*** MATERIAL FOR THIS EXERCISE ***

(* Let $T=(p,q:F\to E)$ be an LR textile system whose associated 2-graph $\Lambda=\Lambda_T$ is row-finite and essential. Let $\mathcal G=\{\mathcal G^i_z: z\in\Lambda^0,\ 1\le i\le m(z)\}$ be a 2-graph insplitting partition of $\Lambda$, let $\Lambda_I$ be the resulting insplit 2-graph, and let $T_I=T_{\Lambda_I}$ be its associated textile system. Then there are textile systems $T_A,T_B,T_C,T_D$ such that $T_A$ is a textile (Johnson--Madden) insplit of $T$, $T_B=\widehat{T_A}$, $T_C$ is a textile insplit of $T_B$, and $T_D=\widehat{T_C}$, and such that, after a bijective relabeling of alphabets, the shift spaces $\mathsf X^+_{T_D}$ and $\mathsf X^+_{T_I}$ coincide (i.e. $T_D$ and $T_I$ give rise to identical tilings of $\mathbb R_{\ge 0}^2$). In particular $\mathsf X^+_{T}$ and $\mathsf X^+_{T_I}$ are conjugate, so 2-graph insplitting induces a conjugacy of the associated one-sided 2-dimensional shifts of finite type.
   Context: $\mathbb N=\{0,1,2,\dots\}$; $\varepsilon_1,\varepsilon_2$ are the standard generators of $\mathbb N^2$. A directed graph $E=(E^0,E^1,r,s)$ has vertices $E^0$, edges $E^1$, range and source maps $r,s:E^1\to E^0$; for $v\in E^0$, $vE^1=r^{-1}(v)$. A graph homomorphism $p:F\to E$ is a pair of maps $F^0\to E^0$, $F^1\to E^1$ (both written $p$) with $r(p(f))=p(r(f))$, $s(p(f))=p(s(f))$. A textile system $T=(p,q:F\to E)$ consists of directed graphs $F,E$ and graph homomorphisms $p,q:F\to E$ such that $f\mapsto(r(f),p(f),s(f),q(f))$ is injective on $F^1$. $p$ has unique $r$-path lifting if for all $v\in F^0$, $e\in E^1$ with $p(v)=r(e)$ there is exactly one $f\in F^1$ with $r(f)=v$, $p(f)=e$; unique $s$-path lifting is defined analogously with $s$. $T$ is LR if $p$ has unique $r$-path lifting and $q$ has unique $s$-path lifting. Shift space: $\mathsf X^+_T=\{x:\mathbb N^2\to F^1 : s(x_n)=r(x_{n+\varepsilon_1}),\ p(x_n)=q(x_{n+\varepsilon_2})\ \forall n\in\mathbb N^2\}$ with the product topology ($F^1$ discrete) and shift action $(\sigma^m x)_n=x_{n+m}$, $m\in\mathbb N^2$. Two such spaces are conjugate if there is a homeomorphism $h$ between them with $h\circ\sigma^m=\sigma^m\circ h$ for all $m\in\mathbb N^2$. Directed-graph insplitting: given, for each $v\in F^0$, a partition of $vF^1$ into nonempty sets $\mathcal F_v^1,\dots,\mathcal F_v^{m(v)}$, the insplit graph $F_I$ has $F_I^0=\{v^i: v\in F^0, 1\le i\le m(v)\}$, $F_I^1=\{f^j: f\in F^1, 1\le j\le m(s(f))\}$, $s(f^j)=s(f)^j$, and $r(f^j)=r(f)^k$ where $f\in\mathcal F^k_{r(f)}$. Textile (Johnson--Madden) insplit of $T$: $T_I=(p_I,q_I:F_I\to E)$ with $p_I(v^i)=p(v)$, $p_I(f^j)=p(f)$, and likewise for $q_I$. Inverted textile system: for $T=(p,q:F\to E)$, $\widehat T=(\hat p,\hat q:\widehat F\to\widehat E)$ where $\widehat E$ has vertices $E^0$, edges $F^0$, range $q|_{F^0}$ and source $p|_{F^0}$; $\widehat F$ has vertices $E^1$, edges $F^1$, range $q|_{F^1}$, source $p|_{F^1}$; $\hat p=(s_E,s_F)$, $\hat q=(r_E,r_F)$. 2-graphs: a 2-graph is a countable category $\Lambda$ with a functor $d:\Lambda\to\mathbb N^2$ such that whenever $d(\lambda)=m+n$ there are unique $\mu,\nu$ with $d(\mu)=m,d(\nu)=n,\lambda=\mu\nu$ (composition $\mu\nu$ defined when $s(\mu)=r(\nu)$). $\Lambda^m=d^{-1}(m)$, $\Lambda^0$ = vertices, $\Lambda^1=\Lambda^{\varepsilon_1}\sqcup\Lambda^{\varepsilon_2}$ (edges of color 1 and 2); $\lambda(m,n)$ denotes the unique factor of degree $n-m$ in position $[m,n]$. Row-finite: $v\Lambda^m$ finite; essential: $v\Lambda^m$ and $\Lambda^m v$ nonempty for all $v,m$. Any 2-graph is the quotient of the path category of its 1-skeleton (2-colored graph $(\Lambda^0,\Lambda^1,r,s)$) by the relation identifying $fg\sim g'f'$ when they are the same element of $\Lambda^{\varepsilon_1+\varepsilon_2}$ (commuting squares). The 2-graph $\Lambda_T$ of a textile system: 2-colored graph with vertices $E^0$, color-1 edges $E^1$ (with $r,s$ from $E$) and color-2 edges $F^0$ with $r(w)=q(w)$, $s(w)=p(w)$; commuting squares $ve\sim e'w$ iff there is $f\in F^1$ with $r(f)=v,s(f)=w,p(f)=e,q(f)=e'$; $\Lambda_T$ is the quotient of the path category by the equivalence generated by these squares (compatible with concatenation). For LR $T$ this is a 2-graph, with $\Lambda_T^{\varepsilon_1+\varepsilon_2}$ identified with $F^1$. Conversely, the textile system of a 2-graph $\Lambda$ is $T_\Lambda=(p,q:F_\Lambda\to E_\Lambda)$ with $E_\Lambda=(\Lambda^0,\Lambda^{\varepsilon_1},r,s)$, $F_\Lambda=(\Lambda^{\varepsilon_2},\Lambda^{\varepsilon_1+\varepsilon_2},\lambda\mapsto\lambda(0,\varepsilon_2),\lambda\mapsto\lambda(\varepsilon_1,\varepsilon_1+\varepsilon_2))$, $p(\lambda)=\lambda(\varepsilon_2,\varepsilon_1+\varepsilon_2)$, $q(\lambda)=\lambda(0,\varepsilon_1)$, and on $F_\Lambda^0=\Lambda^{\varepsilon_2}$, $p=s$, $q=r$. 2-graph insplitting: an insplitting partition of $\Lambda$ is, for each $z\in\Lambda^0$, a partition of $z\Lambda^1$ (edges of either color with range $z$) into nonempty sets $\mathcal G^1_z,\dots,\mathcal G^{m(z)}_z$ satisfying the pairing condition: for every $\lambda\in\Lambda^{\varepsilon_1+\varepsilon_2}$, $\lambda(0,\varepsilon_1)$ and $\lambda(0,\varepsilon_2)$ lie in the same set $\mathcal G^j_{r(\lambda)}$. The insplit 2-graph $\Lambda_I$ is the quotient of the path category of the 2-colored graph with vertices $\{z^i:1\le i\le m(z)\}$, edges $\{f^i: f\in\Lambda^1, 1\le i\le m(s(f))\}$, $d(f^i)=d(f)$, $s(f^i)=s(f)^i$, $r(f^i)=r(f)^j$ where $f\in\mathcal G^j_{r(f)}$, by the commuting squares $f^ig^k\sim_I a^jb^k$ iff $g\in\mathcal G^i_{s(f)}$, $b\in\mathcal G^j_{s(a)}$ and $fg\sim ab$ in $\Lambda$. *)

theory Defs
  imports "HOL-Analysis.Analysis"
begin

***

WHAT NEEDS TO BE DONE: Restate each record exactly as written.

TASK RESULT:
(* Let $T=(p,q:F\to E)$ be an LR textile system whose associated 2-graph $\Lambda=\Lambda_T$ is row-finite and essential. Let $\mathcal G=\{\mathcal G^i_z: z\in\Lambda^0,\ 1\le i\le m(z)\}$ be a 2-graph insplitting partition of $\Lambda$, let $\Lambda_I$ be the resulting insplit 2-graph, and let $T_I=T_{\Lambda_I}$ be its associated textile system. Then there are textile systems $T_A,T_B,T_C,T_D$ such that $T_A$ is a textile (Johnson--Madden) insplit of $T$, $T_B=\widehat{T_A}$, $T_C$ is a textile insplit of $T_B$, and $T_D=\widehat{T_C}$, and such that, after a bijective relabeling of alphabets, the shift spaces $\mathsf X^+_{T_D}$ and $\mathsf X^+_{T_I}$ coincide (i.e. $T_D$ and $T_I$ give rise to identical tilings of $\mathbb R_{\ge 0}^2$). In particular $\mathsf X^+_{T}$ and $\mathsf X^+_{T_I}$ are conjugate, so 2-graph insplitting induces a conjugacy of the associated one-sided 2-dimensional shifts of finite type.
   Context: $\mathbb N=\{0,1,2,\dots\}$; $\varepsilon_1,\varepsilon_2$ are the standard generators of $\mathbb N^2$. A directed graph $E=(E^0,E^1,r,s)$ has vertices $E^0$, edges $E^1$, range and source maps $r,s:E^1\to E^0$; for $v\in E^0$, $vE^1=r^{-1}(v)$. A graph homomorphism $p:F\to E$ is a pair of maps $F^0\to E^0$, $F^1\to E^1$ (both written $p$) with $r(p(f))=p(r(f))$, $s(p(f))=p(s(f))$. A textile system $T=(p,q:F\to E)$ consists of directed graphs $F,E$ and graph homomorphisms $p,q:F\to E$ such that $f\mapsto(r(f),p(f),s(f),q(f))$ is injective on $F^1$. $p$ has unique $r$-path lifting if for all $v\in F^0$, $e\in E^1$ with $p(v)=r(e)$ there is exactly one $f\in F^1$ with $r(f)=v$, $p(f)=e$; unique $s$-path lifting is defined analogously with $s$. $T$ is LR if $p$ has unique $r$-path lifting and $q$ has unique $s$-path lifting. Shift space: $\mathsf X^+_T=\{x:\mathbb N^2\to F^1 : s(x_n)=r(x_{n+\varepsilon_1}),\ p(x_n)=q(x_{n+\varepsilon_2})\ \forall n\in\mathbb N^2\}$ with the product topology ($F^1$ discrete) and shift action $(\sigma^m x)_n=x_{n+m}$, $m\in\mathbb N^2$. Two such spaces are conjugate if there is a homeomorphism $h$ between them with $h\circ\sigma^m=\sigma^m\circ h$ for all $m\in\mathbb N^2$. Directed-graph insplitting: given, for each $v\in F^0$, a partition of $vF^1$ into nonempty sets $\mathcal F_v^1,\dots,\mathcal F_v^{m(v)}$, the insplit graph $F_I$ has $F_I^0=\{v^i: v\in F^0, 1\le i\le m(v)\}$, $F_I^1=\{f^j: f\in F^1, 1\le j\le m(s(f))\}$, $s(f^j)=s(f)^j$, and $r(f^j)=r(f)^k$ where $f\in\mathcal F^k_{r(f)}$. Textile (Johnson--Madden) insplit of $T$: $T_I=(p_I,q_I:F_I\to E)$ with $p_I(v^i)=p(v)$, $p_I(f^j)=p(f)$, and likewise for $q_I$. Inverted textile system: for $T=(p,q:F\to E)$, $\widehat T=(\hat p,\hat q:\widehat F\to\widehat E)$ where $\widehat E$ has vertices $E^0$, edges $F^0$, range $q|_{F^0}$ and source $p|_{F^0}$; $\widehat F$ has vertices $E^1$, edges $F^1$, range $q|_{F^1}$, source $p|_{F^1}$; $\hat p=(s_E,s_F)$, $\hat q=(r_E,r_F)$. 2-graphs: a 2-graph is a countable category $\Lambda$ with a functor $d:\Lambda\to\mathbb N^2$ such that whenever $d(\lambda)=m+n$ there are unique $\mu,\nu$ with $d(\mu)=m,d(\nu)=n,\lambda=\mu\nu$ (composition $\mu\nu$ defined when $s(\mu)=r(\nu)$). $\Lambda^m=d^{-1}(m)$, $\Lambda^0$ = vertices, $\Lambda^1=\Lambda^{\varepsilon_1}\sqcup\Lambda^{\varepsilon_2}$ (edges of color 1 and 2); $\lambda(m,n)$ denotes the unique factor of degree $n-m$ in position $[m,n]$. Row-finite: $v\Lambda^m$ finite; essential: $v\Lambda^m$ and $\Lambda^m v$ nonempty for all $v,m$. Any 2-graph is the quotient of the path category of its 1-skeleton (2-colored graph $(\Lambda^0,\Lambda^1,r,s)$) by the relation identifying $fg\sim g'f'$ when they are the same element of $\Lambda^{\varepsilon_1+\varepsilon_2}$ (commuting squares). The 2-graph $\Lambda_T$ of a textile system: 2-colored graph with vertices $E^0$, color-1 edges $E^1$ (with $r,s$ from $E$) and color-2 edges $F^0$ with $r(w)=q(w)$, $s(w)=p(w)$; commuting squares $ve\sim e'w$ iff there is $f\in F^1$ with $r(f)=v,s(f)=w,p(f)=e,q(f)=e'$; $\Lambda_T$ is the quotient of the path category by the equivalence generated by these squares (compatible with concatenation). For LR $T$ this is a 2-graph, with $\Lambda_T^{\varepsilon_1+\varepsilon_2}$ identified with $F^1$. Conversely, the textile system of a 2-graph $\Lambda$ is $T_\Lambda=(p,q:F_\Lambda\to E_\Lambda)$ with $E_\Lambda=(\Lambda^0,\Lambda^{\varepsilon_1},r,s)$, $F_\Lambda=(\Lambda^{\varepsilon_2},\Lambda^{\varepsilon_1+\varepsilon_2},\lambda\mapsto\lambda(0,\varepsilon_2),\lambda\mapsto\lambda(\varepsilon_1,\varepsilon_1+\varepsilon_2))$, $p(\lambda)=\lambda(\varepsilon_2,\varepsilon_1+\varepsilon_2)$, $q(\lambda)=\lambda(0,\varepsilon_1)$, and on $F_\Lambda^0=\Lambda^{\varepsilon_2}$, $p=s$, $q=r$. 2-graph insplitting: an insplitting partition of $\Lambda$ is, for each $z\in\Lambda^0$, a partition of $z\Lambda^1$ (edges of either color with range $z$) into nonempty sets $\mathcal G^1_z,\dots,\mathcal G^{m(z)}_z$ satisfying the pairing condition: for every $\lambda\in\Lambda^{\varepsilon_1+\varepsilon_2}$, $\lambda(0,\varepsilon_1)$ and $\lambda(0,\varepsilon_2)$ lie in the same set $\mathcal G^j_{r(\lambda)}$. The insplit 2-graph $\Lambda_I$ is the quotient of the path category of the 2-colored graph with vertices $\{z^i:1\le i\le m(z)\}$, edges $\{f^i: f\in\Lambda^1, 1\le i\le m(s(f))\}$, $d(f^i)=d(f)$, $s(f^i)=s(f)^i$, $r(f^i)=r(f)^j$ where $f\in\mathcal G^j_{r(f)}$, by the commuting squares $f^ig^k\sim_I a^jb^k$ iff $g\in\mathcal G^i_{s(f)}$, $b\in\mathcal G^j_{s(a)}$ and $fg\sim ab$ in $\Lambda$. *)

theory Defs
  imports "HOL-Analysis.Analysis"
begin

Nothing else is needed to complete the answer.